Reviewed by Russ Lockwood


Published by Starline, 1996,
paperback, $6.99 ISBN 0-671-87849-2
377 pages

If Captain Kirk, er, I mean, William Shatner, can get someone to ghostwrite the Tek series, then why can't Scotty, I mean, James Doohan, get a writer to write his book? And the answer is, he can.

Now, I don't know exactly how much of The Rising (Book 1 of The Flight Engineer Series) is Doohan and what part is Stirling, but I do know that Starline (Baen) shamelessly promotes Doohan--putting his name right there up on top along with the tagline "Beam us up, 'Scotty'!" And if that wasn't enough, there's his face plastered above an exploding ship, obviously with an appropriate look of mortification because his ship finally did blow. And if that wasn't enough, there's even a quote about Trekkies on the front cover.

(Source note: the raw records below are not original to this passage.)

(* Let $n\ge 1$, $\mu\in\mathbb{R}$, $\alpha>0$, and let $\lambda_1,\dots,\lambda_n>0$ and $\lambda^*_1,\dots,\lambda^*_n>0$. Let $X_1,\dots,X_n$ be independent random variables with $X_i\sim \mathrm{Fr\acute{e}}(\mu,\lambda_i,\alpha)$, and let $X^*_1,\dots,X^*_n$ be independent random variables with $X^*_i\sim \mathrm{Fr\acute{e}}(\mu,\lambda^*_i,\alpha)$, $i=1,\dots,n$. Let $f:(0,\infty)\to\mathbb{R}$ be strictly monotone with differentiable inverse $f^{-1}$, and put $k(a)=(f^{-1})'(a)\,\big(f^{-1}(a)\big)^{\alpha-1}$. Write $\boldsymbol{u}=(f(\lambda_1),\dots,f(\lambda_n))$ and $\boldsymbol{u}^*=(f(\lambda^*_1),\dots,f(\lambda^*_n))$. Suppose first that $f$ is strictly decreasing. Then: (i) if $k$ is increasing and $\sum_{i=1}^{j}u^*_{(i)}\ge \sum_{i=1}^{j}u_{(i)}$ for all $j=1,\dots,n$, then $X_{n:n}\ge_{\rm rh}X^*_{n:n}$; (ii) if $k$ is decreasing and $\sum_{i=j}^{n}u_{(i)}\le \sum_{i=j}^{n}u^*_{(i)}$ for all $j=1,\dots,n$, then $X_{n:n}\ge_{\rm rh}X^*_{n:n}$. Suppose instead that $f$ is strictly increasing. Then: (i') if $k$ is decreasing and $\sum_{i=1}^{j}u^*_{(i)}\ge \sum_{i=1}^{j}u_{(i)}$ for all $j=1,\dots,n$, then $X_{n:n}\le_{\rm rh}X^*_{n:n}$; (ii') if $k$ is increasing and $\sum_{i=j}^{n}u_{(i)}\le \sum_{i=j}^{n}u^*_{(i)}$ for all $j=1,\dots,n$, then $X_{n:n}\le_{\rm rh}X^*_{n:n}$.
   Context: $X\sim \mathrm{Fr\acute{e}}(\mu,\lambda,\alpha)$ (Fréchet distribution with location $\mu\in\mathbb{R}$, scale $\lambda>0$, shape $\alpha>0$) means $X$ has distribution function $\exp\{-((x-\mu)/\lambda)^{-\alpha}\}$ for $x>\mu$. $X_{n:n}=\max(X_1,\dots,X_n)$. For a vector $\boldsymbol{x}$, $x_{(1)}\le\dots\le x_{(n)}$ denotes its components in increasing order. For random variables $X,Y$ with distribution functions $F,G$ and densities, the reversed hazard rates are $\tilde r_F=F'/F$, $\tilde r_G=G'/G$, and $X\le_{\rm rh}Y$ means $\tilde r_F(x)\le\tilde r_G(x)$ for all $x$. "Increasing" means nondecreasing and "decreasing" means nonincreasing. *)

theory Defs
  imports "HOL-Probability.Probability"
begin
(* Let $k\ge 2$ and let $K>0$, $\sigma>0$, $0<d_0<d_1$, $0<\beta\le \tfrac12$, and let $\theta$ be a positive even integer. Consider agents with positions $x_i(t)\in\mathbb{R}^n$ and velocities $v_i(t)\in\mathbb{R}^n$, $i=1,\dots,k$, evolving by $$\dot x_i=v_i,\qquad \dot v_i=\sum_{j=1}^k a_{ij}(x)(v_j-v_i)+\Lambda(v)\sum_{j\neq i} f_0(\|x_i-x_j\|^2)(x_i-x_j)+\Lambda(v)\sum_{j\ne i} f_1(\|x_i-x_j\|^2)(x_j-x_i),$$ where $$a_{ij}(x)=\frac{K}{(\sigma^2+\|x_i-x_j\|^2)^{\beta}},\quad \Lambda(v)=\Big(\frac1k\sum_{i>j}\|v_i-v_j\|^2\Big)^{1/2},\quad f_0(r)=\frac{1}{(r-d_0)^{\theta}},\quad f_1(r)=\frac{1}{(r-d_1)^{\theta}}.$$ Suppose the initial positions satisfy $d_0<\|x_i(0)-x_j(0)\|^2<d_1$ for all $i\neq j$, and let $(x(t),v(t))$ be a solution defined for all $t\ge 0$. Then for all $t\ge 0$ and all $i\ne j$, $$d_0<\|x_i(t)-x_j(t)\|^2<d_1 .$$
   Context: $\|\cdot\|$ is the Euclidean norm. The term $\sum_j a_{ij}(x)(v_j-v_i)$ is the alignment term, the $f_0$ term the separation term, and the $f_1$ term the cohesion term. Note $\Lambda(v)$ equals $\big(\sum_{i=1}^k\|v_i-\bar v\|^2\big)^{1/2}$ with $\bar v=\frac1k\sum_i v_i$ the average velocity. *)

theory Defs
  imports "HOL-Analysis.Analysis"
begin

text \<open>Agents are indexed by 0..k-1. Positions/velocities are functions
  nat \<Rightarrow> 'a, where 'a is an arbitrary Euclidean space (R^n).\<close>

definition align_weight :: "real \<Rightarrow> real \<Rightarrow> real \<Rightarrow> 'a::euclidean_space \<Rightarrow> 'a \<Rightarrow> real" where
  "align_weight K \<sigma> \<beta> xi xj = K / (\<sigma>\<^sup>2 + (norm (xi - xj))\<^sup>2) powr \<beta>"

definition Lam :: "nat \<Rightarrow> (nat \<Rightarrow> 'a::euclidean_space) \<Rightarrow> real" where
  "Lam k v = sqrt ((1 / real k) * (\<Sum>i<k. \<Sum>j<i. (norm (v i - v j))\<^sup>2))"

definition fpot :: "real \<Rightarrow> nat \<Rightarrow> real \<Rightarrow> real" where
  "fpot d \<theta> r = 1 / (r - d) ^ \<theta>"

definition flock_rhs ::
  "nat \<Rightarrow> real \<Rightarrow> real \<Rightarrow> real \<Rightarrow> real \<Rightarrow> real \<Rightarrow> nat \<Rightarrow>
   (nat \<Rightarrow> 'a::euclidean_space) \<Rightarrow> (nat \<Rightarrow> 'a) \<Rightarrow> nat \<Rightarrow> 'a" where
  "flock_rhs k K \<sigma> \<beta> d0 d1 \<theta> x v i =
     (\<Sum>j<k. align_weight K \<sigma> \<beta> (x i) (x j) *\<^sub>R (v j - v i))
     + Lam k v *\<^sub>R (\<Sum>j\<in>{..<k} - {i}. fpot d0 \<theta> ((norm (x i - x j))\<^sup>2) *\<^sub>R (x i - x j))
     + Lam k v *\<^sub>R (\<Sum>j\<in>{..<k} - {i}. fpot d1 \<theta> ((norm (x i - x j))\<^sup>2) *\<^sub>R (x j - x i))"

end

theory Submission
  imports Defs
begin

text \<open>
  The band is invariant because the energy \<open>\<Lambda>(v) + P(x)\<close> is nonincreasing, where
  \<open>P = 1/4 \<Sum>\<^sub>i\<^sub>\<noteq>\<^sub>j \<psi>(\<parallel>x\<^sub>i - x\<^sub>j\<parallel>\<^sup>2)\<close> and \<open>\<psi>\<close> is an antiderivative of \<open>f\<^sub>1 - f\<^sub>0\<close> on \<open>(d\<^sub>0, d\<^sub>1)\<close>.
  Since all interactions are symmetric, \<open>(\<Lambda>\<^sup>2)' = -D + \<Lambda> Q\<close> with a nonnegative alignment
  dissipation \<open>D\<close>, while \<open>P' = -Q/2\<close>; so \<open>(\<Lambda> + P)' = -D/(2\<Lambda>) \<le> 0\<close>.
  As long as the agents stay in the band, every \<open>\<psi>(\<parallel>x\<^sub>i - x\<^sub>j\<parallel>\<^sup>2)\<close> is therefore bounded by
  four times the initial energy, and because \<open>\<psi>\<close> blows up at \<open>d\<^sub>0\<close> and \<open>d\<^sub>1\<close> this keeps the
  squared distances in a closed subset of \<open>(d\<^sub>0, d\<^sub>1)\<close>; a first-exit-time argument finishes.
\<close>

section \<open>Symmetric pairwise interactions\<close>

lemma double_sum_antisym_eq_0:
  fixes g :: "nat \<Rightarrow> nat \<Rightarrow> 'a::real_vector"
  assumes "\<And>i j. g j i = - g i j"
  shows "(\<Sum>i<k. \<Sum>j<k. g i j) = 0"
proof -
  have "(\<Sum>i<k. \<Sum>j<k. g i j) = (\<Sum>i<k. \<Sum>j<k. g j i)" by (rule sum.swap)
  also have "\<dots> = (\<Sum>i<k. \<Sum>j<k. - g i j)" by (intro sum.cong refl assms)
  also have "\<dots> = - (\<Sum>i<k. \<Sum>j<k. g i j)" by (simp add: sum_negf)
  finally have "(2::real) *\<^sub>R (\<Sum>i<k. \<Sum>j<k. g i j) = 0"
    by (simp only: scaleR_2 eq_neg_iff_add_eq_0)
  then show ?thesis by simp
qed

lemma double_sum_symmetrize:
  fixes g :: "nat \<Rightarrow> nat \<Rightarrow> real"
  shows "(\<Sum>i<k. \<Sum>j<k. g i j) = (\<Sum>i<k. \<Sum>j<k. g i j + g j i) / 2"
  by (simp add: sum.distrib sum.swap[of g])

lemma double_sum_lower_triangle:
  fixes g :: "nat \<Rightarrow> nat \<Rightarrow> real"
  assumes "\<And>i j. g j i = g i j" and "\<And>i. g i i = 0"
  shows "(\<Sum>i<k. \<Sum>j<k. g i j) = 2 * (\<Sum>i<k. \<Sum>j<i. g i j)"
proof (induction k)
  case (Suc k)
  have "(\<Sum>i<k. g i k) = (\<Sum>i<k. g k i)" by (intro sum.cong refl assms(1))
  then show ?case using Suc by (simp add: sum.distrib assms(2))
qed simp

Yet this is NOT a Star Trek ™ novel. The Rising follows starfighter ace Peter Raeder and his new assignment about a light carrier--as the flight engineer in charge of 500 crewmen and women. You see, in the war against "the Mollies," a fanatical religious group that seems as powerfully armed as Raeder's "Commonwealth," he was blown out of a starfighter, losing his hand in the process.

No hand, no fly (take that Luke Skywalker!), which makes sense since his prosthetic hand lacks the sensitivity of a real hand--a string of broken glasses shows that plain enough. In any case, this new light carrier, the Invincible, seems beset by mysterious problems, including the death of its flight engineer. Accidents, or sabotage? It all points to the second flight engineer in command, Cynthia Robbins, but it is up to Raeder to figure it out.

The character is likeable enough, with plenty of introspective commentary about people, places, and procedures, as he manages his engineering department and becomes amateur sleuth. Of course, he's a hands-on hero, risking life and limb for the Commonwealth with ad-hoc solutions.

It is all quite interesting and entertaining, and the book is a fast read. The action is intense, the attitudes appropriate, and the characters come across as believeable and smart. The background is a bit muddled, and some aliens are now allies of the Mollies, a bother considering the point of view shifts from Raeder back to an omnicient viewpoint and back again.